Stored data
(* Let $N\ge1$, let $\mathcal L\in\mathbb{R}^{N\times N}$ be the Laplacian of an undirected graph $\mathcal G$ on $N$ nodes, and let $\Delta\in\mathbb{R}^{N\times N}$ be a diagonal matrix with every diagonal entry in $\{0,1\}$. Then every nonzero eigenvalue of $\mathcal H=\mathcal L+\Delta$ is not less than $$\lambda_H:=\frac{4}{N(N^2-N+4)}>0.$$
   Context: The graph $\mathcal G$ has node set $\{1,\dots,N\}$ and adjacency entries $a_{ij}\in\{0,1\}$ with $a_{ij}=a_{ji}$ (undirected, no self-loops); its Laplacian $\mathcal L$ has $l_{ii}=\sum_{j=1}^Na_{ij}$ and $l_{ij}=-a_{ij}$ for $i\ne j$. *)

theory Defs
  imports "Jordan_Normal_Form.Char_Poly"
begin

text \<open>Graph Laplacian of the graph on nodes 0..N-1 (paper: 1..N) with adjacency entries a i j.\<close>
definition laplacian :: "nat \<Rightarrow> (nat \<Rightarrow> nat \<Rightarrow> real) \<Rightarrow> real mat" where
  "laplacian N a = mat N N (\<lambda>(i,j). if i = j then (\<Sum>k<N. a i k) else - a i j)"

end

theory Submission
  imports Defs
begin

(* Let v be an eigenvector of L + \<Delta> for \<mu> \<noteq> 0 and restrict it to a connected component C on
   which it does not vanish; no edge leaves C, so the eigen-equation survives the restriction, and
   pairing it with v gives \<mu> |v|^2 = E + D, where E is the Dirichlet energy of v on C and
   D = sum of \<Delta>_ii v_i^2.  Cauchy-Schwarz along a simple path inside C gives
   (v_i - v_j)^2 \<le> (N - 1) E.  If C meets the support of \<Delta> at r, then v_r^2 \<le> D and every
   v_i^2 is at most N (v_r^2 + E).  Otherwise summing the eigen-equation over C shows that v sums
   to zero there, so 2 |C| |v|^2 is the sum of all (v_i - v_j)^2.  Either way
   |v|^2 \<le> N (N^2 - N + 4) / 4 * (E + D). *)

lemma rtranclp_imp_distinct_path:
  assumes "R\<^sup>*\<^sup>* x y"
  shows "\<exists>p. p \<noteq> [] \<and> hd p = x \<and> last p = y \<and> distinct p \<and> successively R p
             \<and> set p \<subseteq> {z. R\<^sup>*\<^sup>* x z}"
  using assms
proof (induction rule: rtranclp_induct)
  case base
  show ?case by (intro exI[of _ "[x]"]) auto
next
  case (step y z)
  obtain p where p: "p \<noteq> []" "hd p = x" "last p = y" "distinct p" "successively R p"
    "set p \<subseteq> {z. R\<^sup>*\<^sup>* x z}"
    using step.IH by blast
  show ?case
  proof (cases "z \<in> set p")
    case True
    then obtain xs ys where p_split: "p = xs @ z # ys" by (meson split_list)
    show ?thesis
    proof (intro exI[of _ "xs @ [z]"] conjI)
      show "hd (xs @ [z]) = x" using p(2) p_split by (cases xs) auto
      show "successively R (xs @ [z])"
        using p(5) p_split by (auto simp: successively_append_iff)
    qed (use p p_split in auto)
  next
    case False
    show ?thesis
    proof (intro exI[of _ "p @ [z]"] conjI)
      show "successively R (p @ [z])"
        using p step.hyps(2) by (auto simp: successively_append_iff)
    qed (use p False step.hyps in auto)
  qed
qed
(* Let $\mathcal A\in\mathbb C^{n\times n}$ be nonsingular and suppose $\mathcal A=\mathcal P_1+\mathcal P_2$ with $\mathcal P_1,\mathcal P_2$ positive semidefinite, and let $\Sigma$ be Hermitian positive definite. Let $\tilde{\mathcal A}=\Sigma^{-1/2}\mathcal A\Sigma^{-1/2}$ and, for $x\in\mathbb C^n$, $$r_1(x):=x^*\big(\mathcal I+\tilde{\mathcal A}^*\tilde{\mathcal A}+\tilde{\mathcal P}_2\tilde{\mathcal P}_1+\tilde{\mathcal P}_1^*\tilde{\mathcal P}_2^*+\tilde{\mathcal P}_1^*\tilde{\mathcal P}_2^*\tilde{\mathcal P}_2\tilde{\mathcal P}_1\big)x,\qquad r_2(x):=x^*\big(\tilde{\mathcal A}+\tilde{\mathcal A}^*+\tilde{\mathcal A}^*\tilde{\mathcal P}_2\tilde{\mathcal P}_1+\tilde{\mathcal P}_1^*\tilde{\mathcal P}_2^*\tilde{\mathcal A}\big)x.$$ Then for all $x_\lambda\in\mathrm{ev}(\tilde{\mathcal P}_+^{-1}\tilde{\mathcal P}_-)$ we have $r_1(x_\lambda)\ge r_2(x_\lambda)\ge 0$ and $r_1(x_\lambda)>0$, and $$\rho(\Gamma_{\mathrm{PPS}})=\max_{x_\lambda\in\mathrm{ev}(\tilde{\mathcal P}_+^{-1}\tilde{\mathcal P}_-)}\sqrt{\frac{r_1(x_\lambda)-r_2(x_\lambda)}{r_1(x_\lambda)+r_2(x_\lambda)}}.$$ In particular, $\rho(\Gamma_{\mathrm{PPS}})<1$ if and only if $r_2(x_\lambda)\ne 0$ for all $x_\lambda\in\mathrm{ev}(\tilde{\mathcal P}_+^{-1}\tilde{\mathcal P}_-)$.
   Context: A matrix $\mathcal P\in\mathbb C^{n\times n}$ is called positive semidefinite if $\mathcal P+\mathcal P^*$ is Hermitian positive semidefinite, and positive definite if $\mathcal P+\mathcal P^*$ is Hermitian positive definite; $\mathcal P$ need not be Hermitian. $\mathcal I$ is the identity, $\rho(\cdot)$ the spectral radius, and $\mathrm{ev}(M)$ the set of all nonzero eigenvectors of a square matrix $M$. For HPD $\Sigma$, $\Sigma^{1/2}$ is its HPD square root. The PPS iteration matrix is $\Gamma_{\mathrm{PPS}}=(\Sigma+\mathcal P_1)^{-1}(\Sigma-\mathcal P_2)(\Sigma+\mathcal P_2)^{-1}(\Sigma-\mathcal P_1)$. Set $\tilde{\mathcal P}_i=\Sigma^{-1/2}\mathcal P_i\Sigma^{-1/2}$ ($i=1,2$), $\tilde{\mathcal P}_+=(\mathcal I+\tilde{\mathcal P}_2)(\mathcal I+\tilde{\mathcal P}_1)$, $\tilde{\mathcal P}_-=(\mathcal I-\tilde{\mathcal P}_2)(\mathcal I-\tilde{\mathcal P}_1)$. *)

theory Defs
  imports "Jordan_Normal_Form.Spectral_Radius" "Jordan_Normal_Form.Schur_Decomposition"
begin

abbreviation adj :: "complex mat \<Rightarrow> complex mat" where
  "adj A \<equiv> mat_adjoint A"

(* quadratic form x^* H x *)
definition qform :: "complex mat \<Rightarrow> complex vec \<Rightarrow> complex" where
  "qform H x = (H *\<^sub>v x) \<bullet>c x"

definition hermitian_mat :: "complex mat \<Rightarrow> bool" where
  "hermitian_mat H \<longleftrightarrow> adj H = H"

definition hermitian_psd :: "nat \<Rightarrow> complex mat \<Rightarrow> bool" where
  "hermitian_psd n H \<longleftrightarrow> H \<in> carrier_mat n n \<and> hermitian_mat H \<and>
     (\<forall>x \<in> carrier_vec n. Re (qform H x) \<ge> 0)"

definition hermitian_pd :: "nat \<Rightarrow> complex mat \<Rightarrow> bool" where
  "hermitian_pd n H \<longleftrightarrow> H \<in> carrier_mat n n \<and> hermitian_mat H \<and>
     (\<forall>x \<in> carrier_vec n. x \<noteq> 0\<^sub>v n \<longrightarrow> Re (qform H x) > 0)"

(* the paper's (non-Hermitian) notion: P + P^* is Hermitian psd *)
definition pos_semidef :: "nat \<Rightarrow> complex mat \<Rightarrow> bool" where
  "pos_semidef n P \<longleftrightarrow> P \<in> carrier_mat n n \<and> hermitian_psd n (P + adj P)"

definition minv :: "nat \<Rightarrow> complex mat \<Rightarrow> complex mat" where
  "minv n A = (THE B. B \<in> carrier_mat n n \<and> A * B = 1\<^sub>m n \<and> B * A = 1\<^sub>m n)"

definition msqrt :: "nat \<Rightarrow> complex mat \<Rightarrow> complex mat" where
  "msqrt n S = (THE R. hermitian_pd n R \<and> R * R = S)"

definition ev :: "complex mat \<Rightarrow> complex vec set" where
  "ev M = {x. \<exists>k. eigenvector M x k}"

definition Gamma_PPS :: "nat \<Rightarrow> complex mat \<Rightarrow> complex mat \<Rightarrow> complex mat \<Rightarrow> complex mat" where
  "Gamma_PPS n S P1 P2 =
     minv n (S + P1) * (S - P2) * minv n (S + P2) * (S - P1)"

definition tld :: "nat \<Rightarrow> complex mat \<Rightarrow> complex mat \<Rightarrow> complex mat" where
  "tld n S M = minv n (msqrt n S) * M * minv n (msqrt n S)"

definition Pplus :: "nat \<Rightarrow> complex mat \<Rightarrow> complex mat \<Rightarrow> complex mat \<Rightarrow> complex mat" where
  "Pplus n S P1 P2 = (1\<^sub>m n + tld n S P2) * (1\<^sub>m n + tld n S P1)"

definition Pminus :: "nat \<Rightarrow> complex mat \<Rightarrow> complex mat \<Rightarrow> complex mat \<Rightarrow> complex mat" where
  "Pminus n S P1 P2 = (1\<^sub>m n - tld n S P2) * (1\<^sub>m n - tld n S P1)"

(* r_1(x), r_2(x); the underlying Hermitian forms are real, we take the real part *)
definition r1 :: "nat \<Rightarrow> complex mat \<Rightarrow> complex mat \<Rightarrow> complex mat \<Rightarrow> complex vec \<Rightarrow> real" where
  "r1 n S P1 P2 x = (let At = tld n S (P1 + P2); P1t = tld n S P1; P2t = tld n S P2 in
     Re (qform (1\<^sub>m n + adj At * At + P2t * P1t + adj P1t * adj P2t
                + adj P1t * adj P2t * P2t * P1t) x))"

definition r2 :: "nat \<Rightarrow> complex mat \<Rightarrow> complex mat \<Rightarrow> complex mat \<Rightarrow> complex vec \<Rightarrow> real" where
  "r2 n S P1 P2 x = (let At = tld n S (P1 + P2); P1t = tld n S P1; P2t = tld n S P2 in
     Re (qform (At + adj At + adj At * P2t * P1t + adj P1t * adj P2t * At) x))"
theorem theorem1p4:
  shows "\<exists>(\<gamma>::real) (C0::real). \<gamma> > 0 \<and> C0 \<ge> 1 \<and>
     (\<forall>k::nat. k > 5 \<longrightarrow>
        (\<forall>P Qry. TC_scheme k C0 P Qry \<longrightarrow>
           (\<exists>N. valid_network k C0 N \<and>
                real (length (P N)) \<ge> 2 powr (\<gamma> * real k) * real_of_int (ceiling (log 2 (real (fst N)))))))"
proof (rule exI[of _ "1/3"], rule exI[of _ 2], intro conjI allI impI)
  show "(0::real) < 1/3" "(1::real) \<le> 2" by simp_all
  fix k :: nat and P Qry
  assume "5 < k" and TC: "TC_scheme k 2 P Qry"
  define p where "p = (k - 1) div 2"
  define n :: nat where "n = 2 ^ (k + 1)"
  note p = parameter_choice[OF \<open>5 < k\<close> p_def, folded n_def]
  have "card (PiE {..<(2::nat) ^ p} (\<lambda>_. {..<n})) = 2 ^ (2 ^ p * (k + 1))"
    by (simp add: card_PiE n_def power_mult[symmetric] mult.commute power_add)
  then obtain w where w: "w \<in> PiE {..<(2::nat) ^ p} (\<lambda>_. {..<n})"
    and long: "2 ^ p * (k + 1) \<le> length (P (code_net n k p w))"
    using inj_into_bool_lists_long[OF TC_scheme_injective_on_code_nets[OF TC p(1,2,4)]] by blast
  have "valid_network k 2 (code_net n k p w)"
    using w by (intro code_net_valid[OF p(2,4)]) (auto dest: PiE_mem)
  moreover have "2 powr (1/3 * real k) * real_of_int (ceiling (log 2 (real n)))
      \<le> real (length (P (code_net n k p w)))"
    using memory_bound_arith[OF p(3)] long unfolding n_def by linarith
  ultimately show "\<exists>N. valid_network k 2 N \<and>
      2 powr (1/3 * real k) * real_of_int (ceiling (log 2 (real (fst N)))) \<le> real (length (P N))"
    by (intro exI[of _ "code_net n k p w"]) (simp add: code_net_def hub_net_def)
qed

end
(* Let $S$ be a supersymmetric numerical semigroup. Then the blowup semigroup of $S$ is symmetric.
   Context: $S$ is a numerical semigroup (a submonoid of $\mathbb N$ with finite complement) with minimal generators $e<a_1<\dots<a_t$. ${\rm ord}(n;S)$ is the maximum of $\sum c_i$ over $(c_0,\dots,c_t)\in\mathbb N^{t+1}$ with $c_0e+\sum c_ia_i=n$. $S$ is additive if ${\rm ord}(u+e;S)={\rm ord}(u;S)+1$ for all $u\in S$. With $\operatorname{Ap}(S;e)=\{w\in S:w-e\notin S\}=\{w_0<\dots<w_{e-1}\}$, $S$ is supersymmetric if $S$ is additive and, whenever $i+j=e-1$, both $w_i+w_j=w_{e-1}$ and ${\rm ord}(w_i;S)+{\rm ord}(w_j;S)={\rm ord}(w_{e-1};S)$ hold. The blowup is $B=\langle e,a_1-e,\dots,a_t-e\rangle$. A numerical semigroup $T$ with Frobenius number $F(T)$ (the largest integer not in $T$) is symmetric if, whenever $x+y=F(T)$ with $x,y\in\mathbb Z$, exactly one of $x,y$ is in $T$. *)

theory Defs
  imports Main
begin

definition numerical_semigroup :: "nat set \<Rightarrow> bool" where
  "numerical_semigroup S \<longleftrightarrow> 0 \<in> S \<and> (\<forall>x\<in>S. \<forall>y\<in>S. x + y \<in> S) \<and> finite (UNIV - S)"

definition mingens :: "nat set \<Rightarrow> nat set" where
  "mingens S = {x \<in> S. x \<noteq> 0 \<and> \<not> (\<exists>y\<in>S. \<exists>z\<in>S. y \<noteq> 0 \<and> z \<noteq> 0 \<and> x = y + z)}"

text \<open>Multiplicity e: the smallest minimal generator (= smallest nonzero element).\<close>
definition mult :: "nat set \<Rightarrow> nat" where
  "mult S = Min (mingens S)"

definition ord_sg :: "nat \<Rightarrow> nat set \<Rightarrow> nat" where
  "ord_sg n S = Max {\<Sum>g\<in>mingens S. c g | c. (\<Sum>g\<in>mingens S. c g * g) = n}"

definition additive :: "nat set \<Rightarrow> bool" where
  "additive S \<longleftrightarrow> (\<forall>u\<in>S. ord_sg (u + mult S) S = ord_sg u S + 1)"

definition apery :: "nat set \<Rightarrow> nat \<Rightarrow> nat set" where
  "apery S e = {w \<in> S. \<not> (e \<le> w \<and> w - e \<in> S)}"

text \<open>w_i: the i-th smallest element (0-based) of Ap(S;e).\<close>
definition apery_elt :: "nat set \<Rightarrow> nat \<Rightarrow> nat" where
  "apery_elt S i = sorted_list_of_set (apery S (mult S)) ! i"

definition supersymmetric :: "nat set \<Rightarrow> bool" where
  "supersymmetric S \<longleftrightarrow> additive S \<and>
     (\<forall>i j. i + j = mult S - 1 \<longrightarrow>
        apery_elt S i + apery_elt S j = apery_elt S (mult S - 1) \<and>
        ord_sg (apery_elt S i) S + ord_sg (apery_elt S j) S = ord_sg (apery_elt S (mult S - 1)) S)"

inductive_set gen_monoid :: "nat set \<Rightarrow> nat set" for A where
  zero: "0 \<in> gen_monoid A"
| base: "a \<in> A \<Longrightarrow> a \<in> gen_monoid A"
| add: "x \<in> gen_monoid A \<Longrightarrow> y \<in> gen_monoid A \<Longrightarrow> x + y \<in> gen_monoid A"

definition blowup :: "nat set \<Rightarrow> nat set" where
  "blowup S = gen_monoid ({mult S} \<union> (\<lambda>a. a - mult S) ` (mingens S - {mult S}))"

definition frobenius :: "nat set \<Rightarrow> int" where
  "frobenius T = (if UNIV - T = {} then -1 else int (Max (UNIV - T)))"

definition int_mem :: "int \<Rightarrow> nat set \<Rightarrow> bool" where
  "int_mem x T \<longleftrightarrow> x \<ge> 0 \<and> nat x \<in> T"

definition symmetric_sg :: "nat set \<Rightarrow> bool" where
  "symmetric_sg T \<longleftrightarrow> (\<forall>x y :: int. x + y = frobenius T \<longrightarrow> (int_mem x T \<longleftrightarrow> \<not> int_mem y T))"

end

theory Submission
  imports Defs
begin

(*
  An element b of the blowup B lifts to b + k e in S with k \<le> ord(b + k e), since every generator
  a - e of B comes from a generator a of S with order at least 1 and ord is superadditive.  If S is
  additive, ord grows by exactly one with each added e, so the least element of B congruent to an
  Apery element w of S is w - ord(w) e.  Supersymmetry makes these elements pair up to the common
  sum U = w_{e-1} - ord(w_{e-1}) e, and that is the Apery criterion for B to be symmetric with
  Frobenius number U - e.
*)

lemma mod_eq_less_imp_add_le:
  fixes a c e :: nat
  assumes "a mod e = c mod e" and "a < c"
  shows "a + e \<le> c"
proof -
  obtain s where s: "c = a + e * s"
    using mod_eq_nat1E[of c e a] assms by (metis less_imp_le)
  with assms(2) show ?thesis by (cases s) auto
qed

lemma gen_monoid_mult: "x \<in> gen_monoid A \<Longrightarrow> k * x \<in> gen_monoid A"
  by (induction k) (auto intro: gen_monoid.intros)

lemma gen_monoid_sum: "finite I \<Longrightarrow> (\<And>i. i \<in> I \<Longrightarrow> f i \<in> gen_monoid A) \<Longrightarrow> sum f I \<in> gen_monoid A"
  by (induction I rule: finite_induct) (auto intro: gen_monoid.intros)

text \<open>By \<open>mem_iff\<close>, \<open>m r\<close> is the least element of \<open>T\<close> congruent to \<open>r\<close> modulo \<open>e\<close>,
  i.e.\ the Apery set of \<open>T\<close>; the classical criterion says \<open>T\<close> is symmetric when
  its Apery elements pair up to a common sum \<open>U\<close>.\<close>

locale complementary_apery =
  fixes T :: "nat set" and e U :: nat and m :: "nat \<Rightarrow> nat"
  assumes e_pos: "0 < e"
    and zero_mem: "0 \<in> T"
    and add_mem: "\<And>x y. x \<in> T \<Longrightarrow> y \<in> T \<Longrightarrow> x + y \<in> T"
    and mem_iff: "\<And>n. n \<in> T \<longleftrightarrow> m (n mod e) \<le> n"
    and m_mod: "\<And>r. r < e \<Longrightarrow> m r mod e = r"
    and complementary: "\<And>r. r < e \<Longrightarrow> \<exists>r'<e. m r + m r' = U"
begin

lemma m_le: "r < e \<Longrightarrow> m r \<le> U"
  using complementary by fastforce

lemma m_attains: "\<exists>r<e. m r = U"
proof -
  have "m 0 = 0" using mem_iff[of 0] zero_mem by simp
  then show ?thesis using complementary[OF e_pos] by auto
qed

lemma U_ge: "e - 1 \<le> U"
  using m_mod[of "e - 1"] m_le[of "e - 1"] e_pos mod_less_eq_dividend[of "m (e - 1)" e] by simp

lemma not_mem_imp_add_le: "n \<notin> T \<Longrightarrow> n + e \<le> U"
proof -
  assume "n \<notin> T"
  have "n mod e = m (n mod e) mod e" using m_mod[of "n mod e"] e_pos by simp
  moreover have "n < m (n mod e)" using \<open>n \<notin> T\<close> mem_iff by (meson not_le)
  ultimately have "n + e \<le> m (n mod e)" by (rule mod_eq_less_imp_add_le)
  with m_le[of "n mod e"] e_pos show ?thesis by simp
qed

lemma not_mem_U_minus_e: "e \<le> U \<Longrightarrow> U - e \<notin> T"
proof -
  assume "e \<le> U"
  obtain r where r: "r < e" "m r = U" using m_attains by blast
  then have "(U - e) mod e = r" using m_mod[OF r(1)] \<open>e \<le> U\<close> by (simp add: le_mod_geq)
  then show ?thesis using mem_iff[of "U - e"] r e_pos \<open>e \<le> U\<close> by simp
qed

AIM OF THE TASK
Only the lines above starting with the one with "(* Let $S$ be" and going through the one with "text \<open>w_i: the" are to be copied, word for word and with both ends kept.

ANSWER AREA
(* Let $S$ be a supersymmetric numerical semigroup. Then the blowup semigroup of $S$ is symmetric.
   Context: $S$ is a numerical semigroup (a submonoid of $\mathbb N$ with finite complement) with minimal generators $e<a_1<\dots<a_t$. ${\rm ord}(n;S)$ is the maximum of $\sum c_i$ over $(c_0,\dots,c_t)\in\mathbb N^{t+1}$ with $c_0e+\sum c_ia_i=n$. $S$ is additive if ${\rm ord}(u+e;S)={\rm ord}(u;S)+1$ for all $u\in S$. With $\operatorname{Ap}(S;e)=\{w\in S:w-e\notin S\}=\{w_0<\dots<w_{e-1}\}$, $S$ is supersymmetric if $S$ is additive and, whenever $i+j=e-1$, both $w_i+w_j=w_{e-1}$ and ${\rm ord}(w_i;S)+{\rm ord}(w_j;S)={\rm ord}(w_{e-1};S)$ hold. The blowup is $B=\langle e,a_1-e,\dots,a_t-e\rangle$. A numerical semigroup $T$ with Frobenius number $F(T)$ (the largest integer not in $T$) is symmetric if, whenever $x+y=F(T)$ with $x,y\in\mathbb Z$, exactly one of $x,y$ is in $T$. *)

theory Defs
  imports Main
begin

definition numerical_semigroup :: "nat set \<Rightarrow> bool" where
  "numerical_semigroup S \<longleftrightarrow> 0 \<in> S \<and> (\<forall>x\<in>S. \<forall>y\<in>S. x + y \<in> S) \<and> finite (UNIV - S)"

definition mingens :: "nat set \<Rightarrow> nat set" where
  "mingens S = {x \<in> S. x \<noteq> 0 \<and> \<not> (\<exists>y\<in>S. \<exists>z\<in>S. y \<noteq> 0 \<and> z \<noteq> 0 \<and> x = y + z)}"

text \<open>Multiplicity e: the smallest minimal generator (= smallest nonzero element).\<close>
definition mult :: "nat set \<Rightarrow> nat" where
  "mult S = Min (mingens S)"

definition ord_sg :: "nat \<Rightarrow> nat set \<Rightarrow> nat" where
  "ord_sg n S = Max {\<Sum>g\<in>mingens S. c g | c. (\<Sum>g\<in>mingens S. c g * g) = n}"

definition additive :: "nat set \<Rightarrow> bool" where
  "additive S \<longleftrightarrow> (\<forall>u\<in>S. ord_sg (u + mult S) S = ord_sg u S + 1)"

definition apery :: "nat set \<Rightarrow> nat \<Rightarrow> nat set" where
  "apery S e = {w \<in> S. \<not> (e \<le> w \<and> w - e \<in> S)}"

text \<open>w_i: the i-th smallest element (0-based) of Ap(S;e).\<close>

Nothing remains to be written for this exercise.